[DESCRIPTION OF THE TASK] Only one stretch of the data below should be repeated: the lines from the line containing "using indep_var_integrable[OF indep]" through the line containing "by (simp add: fun_eq_iff", inclusive, exactly as they are.
═══ INFORMATION ═══
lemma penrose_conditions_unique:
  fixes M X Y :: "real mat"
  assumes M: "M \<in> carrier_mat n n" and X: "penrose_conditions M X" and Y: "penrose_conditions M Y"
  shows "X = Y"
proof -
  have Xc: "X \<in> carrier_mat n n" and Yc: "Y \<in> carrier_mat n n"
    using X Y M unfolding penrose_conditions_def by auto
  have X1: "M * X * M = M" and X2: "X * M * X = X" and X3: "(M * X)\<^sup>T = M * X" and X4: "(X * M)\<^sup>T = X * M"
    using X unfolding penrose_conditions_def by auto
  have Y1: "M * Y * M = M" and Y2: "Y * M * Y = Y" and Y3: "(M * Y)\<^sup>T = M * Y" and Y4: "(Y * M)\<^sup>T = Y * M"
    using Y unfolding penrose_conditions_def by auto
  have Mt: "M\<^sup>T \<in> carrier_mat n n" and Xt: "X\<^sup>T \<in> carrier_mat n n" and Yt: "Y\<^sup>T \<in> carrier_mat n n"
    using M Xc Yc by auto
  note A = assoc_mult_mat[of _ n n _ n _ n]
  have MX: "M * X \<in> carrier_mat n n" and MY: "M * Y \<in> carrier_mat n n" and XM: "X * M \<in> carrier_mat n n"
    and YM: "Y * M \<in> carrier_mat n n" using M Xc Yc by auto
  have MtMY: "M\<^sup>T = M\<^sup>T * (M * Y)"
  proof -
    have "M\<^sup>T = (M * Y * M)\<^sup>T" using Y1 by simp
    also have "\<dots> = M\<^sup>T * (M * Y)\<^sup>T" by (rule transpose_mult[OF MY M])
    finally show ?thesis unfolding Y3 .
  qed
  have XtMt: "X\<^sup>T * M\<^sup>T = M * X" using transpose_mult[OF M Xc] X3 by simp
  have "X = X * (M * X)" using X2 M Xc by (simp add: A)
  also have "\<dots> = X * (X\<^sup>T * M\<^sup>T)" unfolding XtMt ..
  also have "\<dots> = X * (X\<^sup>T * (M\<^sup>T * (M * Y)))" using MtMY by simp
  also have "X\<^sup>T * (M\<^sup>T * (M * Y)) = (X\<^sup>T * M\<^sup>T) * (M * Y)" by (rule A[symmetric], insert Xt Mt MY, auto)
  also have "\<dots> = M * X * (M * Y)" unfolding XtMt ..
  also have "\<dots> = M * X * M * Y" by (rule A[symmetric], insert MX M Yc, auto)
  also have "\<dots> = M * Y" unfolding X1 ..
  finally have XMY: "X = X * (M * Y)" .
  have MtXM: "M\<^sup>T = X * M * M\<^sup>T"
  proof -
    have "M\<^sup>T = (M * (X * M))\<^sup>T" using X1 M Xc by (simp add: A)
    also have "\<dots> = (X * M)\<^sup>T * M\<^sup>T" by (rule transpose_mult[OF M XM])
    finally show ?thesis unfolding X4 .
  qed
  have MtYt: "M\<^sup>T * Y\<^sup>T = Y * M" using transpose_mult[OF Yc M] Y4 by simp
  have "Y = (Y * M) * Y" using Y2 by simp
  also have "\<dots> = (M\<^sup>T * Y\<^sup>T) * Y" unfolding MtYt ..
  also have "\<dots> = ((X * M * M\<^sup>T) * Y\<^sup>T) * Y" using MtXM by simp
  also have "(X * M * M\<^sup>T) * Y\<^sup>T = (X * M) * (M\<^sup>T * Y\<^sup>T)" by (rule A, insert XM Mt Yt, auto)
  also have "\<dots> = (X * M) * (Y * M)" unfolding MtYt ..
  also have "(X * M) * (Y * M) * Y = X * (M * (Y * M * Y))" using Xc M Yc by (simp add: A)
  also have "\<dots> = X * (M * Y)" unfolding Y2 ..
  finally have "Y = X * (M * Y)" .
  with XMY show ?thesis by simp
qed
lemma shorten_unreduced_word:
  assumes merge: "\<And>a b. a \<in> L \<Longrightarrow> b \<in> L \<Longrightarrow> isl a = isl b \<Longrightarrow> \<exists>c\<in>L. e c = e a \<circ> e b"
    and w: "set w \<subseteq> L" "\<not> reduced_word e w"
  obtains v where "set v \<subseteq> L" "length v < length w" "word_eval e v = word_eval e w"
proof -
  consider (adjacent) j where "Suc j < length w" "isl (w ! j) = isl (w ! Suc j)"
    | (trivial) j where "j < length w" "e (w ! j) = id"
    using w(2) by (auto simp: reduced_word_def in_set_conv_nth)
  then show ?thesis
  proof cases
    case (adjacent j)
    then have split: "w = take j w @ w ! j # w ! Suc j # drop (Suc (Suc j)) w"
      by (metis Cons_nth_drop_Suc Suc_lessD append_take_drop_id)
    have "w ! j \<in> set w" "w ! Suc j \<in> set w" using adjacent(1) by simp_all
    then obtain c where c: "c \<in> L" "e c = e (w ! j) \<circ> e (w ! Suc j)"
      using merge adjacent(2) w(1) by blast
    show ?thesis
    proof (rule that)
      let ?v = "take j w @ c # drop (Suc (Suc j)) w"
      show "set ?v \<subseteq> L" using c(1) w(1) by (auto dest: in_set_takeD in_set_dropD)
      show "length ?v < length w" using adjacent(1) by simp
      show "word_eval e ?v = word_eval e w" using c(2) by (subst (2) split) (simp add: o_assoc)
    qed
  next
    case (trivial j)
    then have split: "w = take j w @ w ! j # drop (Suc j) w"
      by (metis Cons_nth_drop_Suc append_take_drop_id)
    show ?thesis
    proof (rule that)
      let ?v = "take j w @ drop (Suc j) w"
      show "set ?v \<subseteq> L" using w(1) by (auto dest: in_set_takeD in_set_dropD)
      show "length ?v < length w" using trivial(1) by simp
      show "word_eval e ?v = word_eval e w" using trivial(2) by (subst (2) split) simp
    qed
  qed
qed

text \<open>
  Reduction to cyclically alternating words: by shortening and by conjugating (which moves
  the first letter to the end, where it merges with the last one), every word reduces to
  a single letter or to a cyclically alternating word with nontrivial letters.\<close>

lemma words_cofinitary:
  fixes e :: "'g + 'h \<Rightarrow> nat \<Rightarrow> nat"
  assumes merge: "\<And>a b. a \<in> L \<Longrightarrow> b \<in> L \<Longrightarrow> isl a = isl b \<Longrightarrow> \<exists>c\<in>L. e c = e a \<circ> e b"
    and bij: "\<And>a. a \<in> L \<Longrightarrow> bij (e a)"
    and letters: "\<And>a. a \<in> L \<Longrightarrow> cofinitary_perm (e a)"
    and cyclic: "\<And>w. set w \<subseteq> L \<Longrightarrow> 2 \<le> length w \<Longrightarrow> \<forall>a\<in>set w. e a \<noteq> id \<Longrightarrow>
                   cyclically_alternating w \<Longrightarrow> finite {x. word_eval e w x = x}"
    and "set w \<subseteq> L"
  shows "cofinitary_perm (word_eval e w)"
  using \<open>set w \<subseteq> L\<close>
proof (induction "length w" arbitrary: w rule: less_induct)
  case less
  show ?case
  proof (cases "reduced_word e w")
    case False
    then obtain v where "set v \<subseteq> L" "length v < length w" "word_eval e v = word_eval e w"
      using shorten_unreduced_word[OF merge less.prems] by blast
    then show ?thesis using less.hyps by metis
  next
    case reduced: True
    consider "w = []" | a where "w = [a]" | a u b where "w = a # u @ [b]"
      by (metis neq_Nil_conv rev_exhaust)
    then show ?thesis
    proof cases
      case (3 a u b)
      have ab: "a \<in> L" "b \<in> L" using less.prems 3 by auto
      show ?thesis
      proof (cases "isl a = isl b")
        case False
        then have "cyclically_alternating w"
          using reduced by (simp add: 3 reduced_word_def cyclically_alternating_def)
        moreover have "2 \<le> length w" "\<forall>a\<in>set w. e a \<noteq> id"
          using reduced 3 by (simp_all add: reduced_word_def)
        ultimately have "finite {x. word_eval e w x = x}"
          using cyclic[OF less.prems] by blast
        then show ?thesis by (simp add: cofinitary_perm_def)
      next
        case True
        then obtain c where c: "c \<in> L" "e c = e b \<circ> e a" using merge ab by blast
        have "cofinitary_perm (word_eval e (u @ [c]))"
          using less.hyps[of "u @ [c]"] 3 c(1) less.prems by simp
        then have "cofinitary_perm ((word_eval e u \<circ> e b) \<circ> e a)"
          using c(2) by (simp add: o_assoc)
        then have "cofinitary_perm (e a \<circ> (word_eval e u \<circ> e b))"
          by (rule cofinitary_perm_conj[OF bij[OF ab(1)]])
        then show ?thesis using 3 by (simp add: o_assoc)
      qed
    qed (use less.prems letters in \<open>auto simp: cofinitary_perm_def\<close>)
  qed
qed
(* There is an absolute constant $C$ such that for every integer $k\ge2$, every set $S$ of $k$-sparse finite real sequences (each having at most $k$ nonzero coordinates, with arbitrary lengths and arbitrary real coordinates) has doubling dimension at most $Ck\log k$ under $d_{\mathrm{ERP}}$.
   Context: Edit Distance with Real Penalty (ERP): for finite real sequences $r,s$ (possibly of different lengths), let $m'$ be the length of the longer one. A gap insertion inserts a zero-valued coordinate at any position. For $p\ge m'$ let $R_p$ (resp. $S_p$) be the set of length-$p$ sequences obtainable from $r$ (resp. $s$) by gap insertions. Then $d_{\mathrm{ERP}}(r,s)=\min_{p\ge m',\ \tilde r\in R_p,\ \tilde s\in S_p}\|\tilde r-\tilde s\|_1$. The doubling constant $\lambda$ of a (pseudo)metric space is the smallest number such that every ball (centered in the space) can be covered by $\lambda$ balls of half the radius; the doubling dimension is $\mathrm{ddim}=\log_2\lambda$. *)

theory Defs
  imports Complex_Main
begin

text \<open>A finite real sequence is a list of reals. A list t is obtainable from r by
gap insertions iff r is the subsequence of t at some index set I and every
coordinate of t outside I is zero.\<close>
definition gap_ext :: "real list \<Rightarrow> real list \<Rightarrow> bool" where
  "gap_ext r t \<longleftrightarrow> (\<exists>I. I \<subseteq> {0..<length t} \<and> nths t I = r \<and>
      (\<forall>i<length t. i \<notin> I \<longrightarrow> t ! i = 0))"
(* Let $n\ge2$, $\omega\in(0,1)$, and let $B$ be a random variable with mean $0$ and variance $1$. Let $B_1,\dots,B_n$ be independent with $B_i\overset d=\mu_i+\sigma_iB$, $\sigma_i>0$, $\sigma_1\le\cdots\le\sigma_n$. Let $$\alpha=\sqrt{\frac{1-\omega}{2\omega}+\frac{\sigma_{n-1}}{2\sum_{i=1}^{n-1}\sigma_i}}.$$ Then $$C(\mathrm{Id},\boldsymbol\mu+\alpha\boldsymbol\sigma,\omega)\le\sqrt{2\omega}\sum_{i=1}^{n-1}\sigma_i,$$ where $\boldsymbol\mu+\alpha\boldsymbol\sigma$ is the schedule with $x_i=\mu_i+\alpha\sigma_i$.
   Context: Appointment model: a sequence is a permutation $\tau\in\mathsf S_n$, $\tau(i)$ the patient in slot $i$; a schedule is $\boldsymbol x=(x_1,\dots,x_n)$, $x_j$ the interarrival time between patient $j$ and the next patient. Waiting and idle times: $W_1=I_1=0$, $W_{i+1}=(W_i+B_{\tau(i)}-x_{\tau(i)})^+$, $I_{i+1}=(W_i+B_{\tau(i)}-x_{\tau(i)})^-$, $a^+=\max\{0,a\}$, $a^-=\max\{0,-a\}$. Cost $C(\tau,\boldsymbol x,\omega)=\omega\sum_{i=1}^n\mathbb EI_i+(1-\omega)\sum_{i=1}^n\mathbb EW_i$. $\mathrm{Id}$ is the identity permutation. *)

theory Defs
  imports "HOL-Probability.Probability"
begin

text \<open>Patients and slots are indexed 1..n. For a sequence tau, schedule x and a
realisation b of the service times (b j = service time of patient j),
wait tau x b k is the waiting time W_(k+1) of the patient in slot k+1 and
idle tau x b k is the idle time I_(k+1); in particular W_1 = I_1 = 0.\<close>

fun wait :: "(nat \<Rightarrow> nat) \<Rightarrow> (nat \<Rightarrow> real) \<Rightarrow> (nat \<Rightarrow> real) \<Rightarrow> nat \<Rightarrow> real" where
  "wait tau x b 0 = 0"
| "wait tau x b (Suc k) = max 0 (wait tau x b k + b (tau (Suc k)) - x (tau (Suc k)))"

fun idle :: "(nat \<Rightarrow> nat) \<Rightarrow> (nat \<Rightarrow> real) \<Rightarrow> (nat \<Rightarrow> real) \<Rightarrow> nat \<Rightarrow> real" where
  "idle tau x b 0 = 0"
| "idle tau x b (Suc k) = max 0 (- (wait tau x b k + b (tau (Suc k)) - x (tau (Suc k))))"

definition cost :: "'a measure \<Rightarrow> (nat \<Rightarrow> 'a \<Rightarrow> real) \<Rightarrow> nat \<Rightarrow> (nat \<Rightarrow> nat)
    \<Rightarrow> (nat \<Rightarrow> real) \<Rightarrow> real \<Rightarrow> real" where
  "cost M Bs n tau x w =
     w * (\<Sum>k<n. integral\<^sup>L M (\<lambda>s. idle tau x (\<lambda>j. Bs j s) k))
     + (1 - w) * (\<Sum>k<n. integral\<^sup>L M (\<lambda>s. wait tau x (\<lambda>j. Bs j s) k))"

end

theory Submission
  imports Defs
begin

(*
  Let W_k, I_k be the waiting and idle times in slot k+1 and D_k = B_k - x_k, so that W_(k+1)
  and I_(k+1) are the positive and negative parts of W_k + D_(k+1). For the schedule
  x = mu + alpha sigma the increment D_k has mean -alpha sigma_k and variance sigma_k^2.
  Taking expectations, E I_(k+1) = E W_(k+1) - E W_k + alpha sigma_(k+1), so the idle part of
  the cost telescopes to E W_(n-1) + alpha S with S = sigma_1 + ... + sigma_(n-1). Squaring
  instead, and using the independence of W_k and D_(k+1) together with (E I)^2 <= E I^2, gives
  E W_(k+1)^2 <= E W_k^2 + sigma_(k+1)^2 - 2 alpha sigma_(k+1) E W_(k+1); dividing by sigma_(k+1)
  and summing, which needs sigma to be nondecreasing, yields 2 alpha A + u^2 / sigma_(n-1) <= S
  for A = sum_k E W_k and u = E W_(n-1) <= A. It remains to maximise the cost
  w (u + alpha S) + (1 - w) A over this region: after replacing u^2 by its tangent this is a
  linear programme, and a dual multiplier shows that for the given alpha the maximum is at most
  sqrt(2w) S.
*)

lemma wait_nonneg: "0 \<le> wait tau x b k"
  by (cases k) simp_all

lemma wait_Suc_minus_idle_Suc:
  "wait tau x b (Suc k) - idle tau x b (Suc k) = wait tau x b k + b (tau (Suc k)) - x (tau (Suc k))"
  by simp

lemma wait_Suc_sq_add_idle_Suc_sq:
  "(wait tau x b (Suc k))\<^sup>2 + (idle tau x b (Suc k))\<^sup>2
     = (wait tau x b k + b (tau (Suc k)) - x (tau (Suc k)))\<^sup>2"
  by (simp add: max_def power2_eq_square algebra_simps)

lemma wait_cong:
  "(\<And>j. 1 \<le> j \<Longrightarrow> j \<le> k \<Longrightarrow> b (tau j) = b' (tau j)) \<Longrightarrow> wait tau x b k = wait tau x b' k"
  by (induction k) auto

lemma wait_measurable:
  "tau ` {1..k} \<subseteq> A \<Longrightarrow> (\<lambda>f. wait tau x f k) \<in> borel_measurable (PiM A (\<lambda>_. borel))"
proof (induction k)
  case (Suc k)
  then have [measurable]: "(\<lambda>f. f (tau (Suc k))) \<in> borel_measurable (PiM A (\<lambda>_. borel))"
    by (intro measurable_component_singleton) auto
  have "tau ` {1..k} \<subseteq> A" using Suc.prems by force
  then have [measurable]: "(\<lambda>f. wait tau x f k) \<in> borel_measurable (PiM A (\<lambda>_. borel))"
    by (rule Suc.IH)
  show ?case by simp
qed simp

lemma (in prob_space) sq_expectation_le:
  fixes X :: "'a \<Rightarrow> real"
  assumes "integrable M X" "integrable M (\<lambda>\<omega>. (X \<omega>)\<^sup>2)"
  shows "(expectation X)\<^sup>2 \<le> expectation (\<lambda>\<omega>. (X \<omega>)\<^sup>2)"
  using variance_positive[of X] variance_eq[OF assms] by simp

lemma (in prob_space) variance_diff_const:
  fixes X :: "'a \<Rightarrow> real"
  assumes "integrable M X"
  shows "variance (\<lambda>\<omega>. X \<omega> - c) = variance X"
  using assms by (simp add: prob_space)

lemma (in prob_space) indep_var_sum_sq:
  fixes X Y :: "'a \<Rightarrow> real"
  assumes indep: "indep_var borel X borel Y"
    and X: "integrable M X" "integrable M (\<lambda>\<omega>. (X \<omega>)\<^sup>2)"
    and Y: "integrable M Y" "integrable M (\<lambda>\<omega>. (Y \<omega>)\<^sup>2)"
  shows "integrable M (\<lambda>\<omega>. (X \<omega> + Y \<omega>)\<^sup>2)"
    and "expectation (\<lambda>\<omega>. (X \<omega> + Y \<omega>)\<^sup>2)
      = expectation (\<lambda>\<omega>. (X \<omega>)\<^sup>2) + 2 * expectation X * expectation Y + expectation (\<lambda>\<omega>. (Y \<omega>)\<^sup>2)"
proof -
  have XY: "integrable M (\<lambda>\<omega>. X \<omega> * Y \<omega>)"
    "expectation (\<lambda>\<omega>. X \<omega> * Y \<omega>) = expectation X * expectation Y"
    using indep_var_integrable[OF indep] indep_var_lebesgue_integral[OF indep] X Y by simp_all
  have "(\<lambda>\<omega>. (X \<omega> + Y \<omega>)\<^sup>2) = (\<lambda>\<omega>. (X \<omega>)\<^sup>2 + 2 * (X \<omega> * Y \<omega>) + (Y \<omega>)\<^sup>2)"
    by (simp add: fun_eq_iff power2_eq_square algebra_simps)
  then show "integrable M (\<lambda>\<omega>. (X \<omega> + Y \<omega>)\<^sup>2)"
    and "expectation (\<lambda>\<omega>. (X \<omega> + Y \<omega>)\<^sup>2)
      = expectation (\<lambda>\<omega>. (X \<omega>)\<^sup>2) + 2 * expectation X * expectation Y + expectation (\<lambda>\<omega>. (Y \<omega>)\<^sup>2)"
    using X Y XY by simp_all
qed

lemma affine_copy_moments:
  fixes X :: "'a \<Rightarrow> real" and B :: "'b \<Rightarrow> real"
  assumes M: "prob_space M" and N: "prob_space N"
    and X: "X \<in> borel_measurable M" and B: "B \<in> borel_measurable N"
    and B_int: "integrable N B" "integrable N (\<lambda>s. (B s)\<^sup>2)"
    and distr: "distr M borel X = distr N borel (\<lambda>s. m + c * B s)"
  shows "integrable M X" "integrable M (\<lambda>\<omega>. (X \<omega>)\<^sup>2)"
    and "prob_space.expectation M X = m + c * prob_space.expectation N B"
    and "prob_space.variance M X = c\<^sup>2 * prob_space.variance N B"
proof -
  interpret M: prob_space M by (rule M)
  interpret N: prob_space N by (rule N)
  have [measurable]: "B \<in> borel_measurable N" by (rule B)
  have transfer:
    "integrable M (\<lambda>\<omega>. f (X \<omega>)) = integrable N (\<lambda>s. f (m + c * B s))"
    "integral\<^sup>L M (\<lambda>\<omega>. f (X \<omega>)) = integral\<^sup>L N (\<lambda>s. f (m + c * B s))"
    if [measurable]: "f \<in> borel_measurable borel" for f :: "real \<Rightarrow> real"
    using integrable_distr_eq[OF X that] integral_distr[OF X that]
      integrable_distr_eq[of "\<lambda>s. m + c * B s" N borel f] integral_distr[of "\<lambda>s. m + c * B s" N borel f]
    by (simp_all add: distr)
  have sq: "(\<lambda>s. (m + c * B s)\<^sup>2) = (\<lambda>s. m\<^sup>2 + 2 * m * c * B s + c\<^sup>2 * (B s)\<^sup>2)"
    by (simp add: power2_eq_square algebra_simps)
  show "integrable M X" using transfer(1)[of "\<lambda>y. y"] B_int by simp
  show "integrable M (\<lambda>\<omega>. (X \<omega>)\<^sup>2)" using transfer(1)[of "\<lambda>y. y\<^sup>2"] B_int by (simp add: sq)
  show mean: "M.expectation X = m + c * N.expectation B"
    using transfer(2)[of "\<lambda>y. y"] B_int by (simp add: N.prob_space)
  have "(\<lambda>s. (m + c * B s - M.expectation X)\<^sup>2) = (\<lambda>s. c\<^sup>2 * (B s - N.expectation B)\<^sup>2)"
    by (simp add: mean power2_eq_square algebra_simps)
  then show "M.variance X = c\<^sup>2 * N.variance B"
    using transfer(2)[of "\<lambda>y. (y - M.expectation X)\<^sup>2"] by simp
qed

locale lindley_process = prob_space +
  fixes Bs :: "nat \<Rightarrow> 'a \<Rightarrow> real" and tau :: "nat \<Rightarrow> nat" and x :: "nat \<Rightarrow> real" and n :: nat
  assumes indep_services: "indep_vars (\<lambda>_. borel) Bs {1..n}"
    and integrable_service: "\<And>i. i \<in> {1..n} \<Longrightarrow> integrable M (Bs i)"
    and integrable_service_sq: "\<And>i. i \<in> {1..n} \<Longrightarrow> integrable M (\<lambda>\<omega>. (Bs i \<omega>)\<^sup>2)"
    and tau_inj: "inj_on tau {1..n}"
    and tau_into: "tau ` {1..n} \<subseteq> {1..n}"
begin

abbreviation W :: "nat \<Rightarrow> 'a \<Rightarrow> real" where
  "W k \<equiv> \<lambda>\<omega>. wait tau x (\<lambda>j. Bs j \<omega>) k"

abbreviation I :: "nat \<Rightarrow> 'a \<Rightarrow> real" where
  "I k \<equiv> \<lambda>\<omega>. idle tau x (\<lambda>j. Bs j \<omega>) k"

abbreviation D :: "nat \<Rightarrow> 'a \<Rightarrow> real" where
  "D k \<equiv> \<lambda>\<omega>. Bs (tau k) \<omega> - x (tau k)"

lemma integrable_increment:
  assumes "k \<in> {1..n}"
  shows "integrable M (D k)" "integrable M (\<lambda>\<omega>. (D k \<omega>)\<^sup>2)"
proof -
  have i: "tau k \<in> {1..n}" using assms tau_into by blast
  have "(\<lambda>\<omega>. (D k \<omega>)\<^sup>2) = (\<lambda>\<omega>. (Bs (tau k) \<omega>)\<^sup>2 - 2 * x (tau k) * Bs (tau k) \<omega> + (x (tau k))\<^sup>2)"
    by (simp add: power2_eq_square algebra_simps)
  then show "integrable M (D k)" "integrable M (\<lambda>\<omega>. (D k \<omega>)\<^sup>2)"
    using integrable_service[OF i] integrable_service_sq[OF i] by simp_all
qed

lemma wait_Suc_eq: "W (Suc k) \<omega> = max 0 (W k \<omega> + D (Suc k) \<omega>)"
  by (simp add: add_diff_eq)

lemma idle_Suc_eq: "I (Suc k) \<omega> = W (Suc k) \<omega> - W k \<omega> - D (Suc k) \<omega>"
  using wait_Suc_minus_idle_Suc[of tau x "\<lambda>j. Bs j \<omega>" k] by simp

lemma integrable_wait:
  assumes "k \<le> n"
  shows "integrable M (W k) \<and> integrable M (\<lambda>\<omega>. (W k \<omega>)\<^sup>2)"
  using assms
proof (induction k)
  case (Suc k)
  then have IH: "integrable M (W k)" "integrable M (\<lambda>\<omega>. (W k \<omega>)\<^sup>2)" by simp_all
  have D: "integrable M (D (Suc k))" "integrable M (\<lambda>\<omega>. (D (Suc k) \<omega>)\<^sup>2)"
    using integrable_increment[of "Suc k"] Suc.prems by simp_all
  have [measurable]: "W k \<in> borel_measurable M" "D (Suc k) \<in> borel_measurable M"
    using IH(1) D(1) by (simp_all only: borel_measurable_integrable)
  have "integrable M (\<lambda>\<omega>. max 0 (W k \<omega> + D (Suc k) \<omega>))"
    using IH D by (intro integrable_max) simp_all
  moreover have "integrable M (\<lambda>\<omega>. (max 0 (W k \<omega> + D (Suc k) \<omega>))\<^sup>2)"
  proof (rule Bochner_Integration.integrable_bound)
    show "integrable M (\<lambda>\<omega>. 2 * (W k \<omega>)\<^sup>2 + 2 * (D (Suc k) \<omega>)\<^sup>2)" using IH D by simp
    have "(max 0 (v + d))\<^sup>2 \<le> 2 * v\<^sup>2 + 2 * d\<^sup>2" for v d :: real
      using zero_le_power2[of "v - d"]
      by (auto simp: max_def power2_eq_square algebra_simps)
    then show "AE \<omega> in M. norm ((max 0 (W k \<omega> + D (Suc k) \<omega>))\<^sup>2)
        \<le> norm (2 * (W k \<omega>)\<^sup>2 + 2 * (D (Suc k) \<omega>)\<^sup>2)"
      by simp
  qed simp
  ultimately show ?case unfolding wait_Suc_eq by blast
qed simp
═══
[WRITTEN ANSWER]
    using indep_var_integrable[OF indep] indep_var_lebesgue_integral[OF indep] X Y by simp_all
  have "(\<lambda>\<omega>. (X \<omega> + Y \<omega>)\<^sup>2) = (\<lambda>\<omega>. (X \<omega>)\<^sup>2 + 2 * (X \<omega> * Y \<omega>) + (Y \<omega>)\<^sup>2)"
    by (simp add: fun_eq_iff power2_eq_square algebra_simps)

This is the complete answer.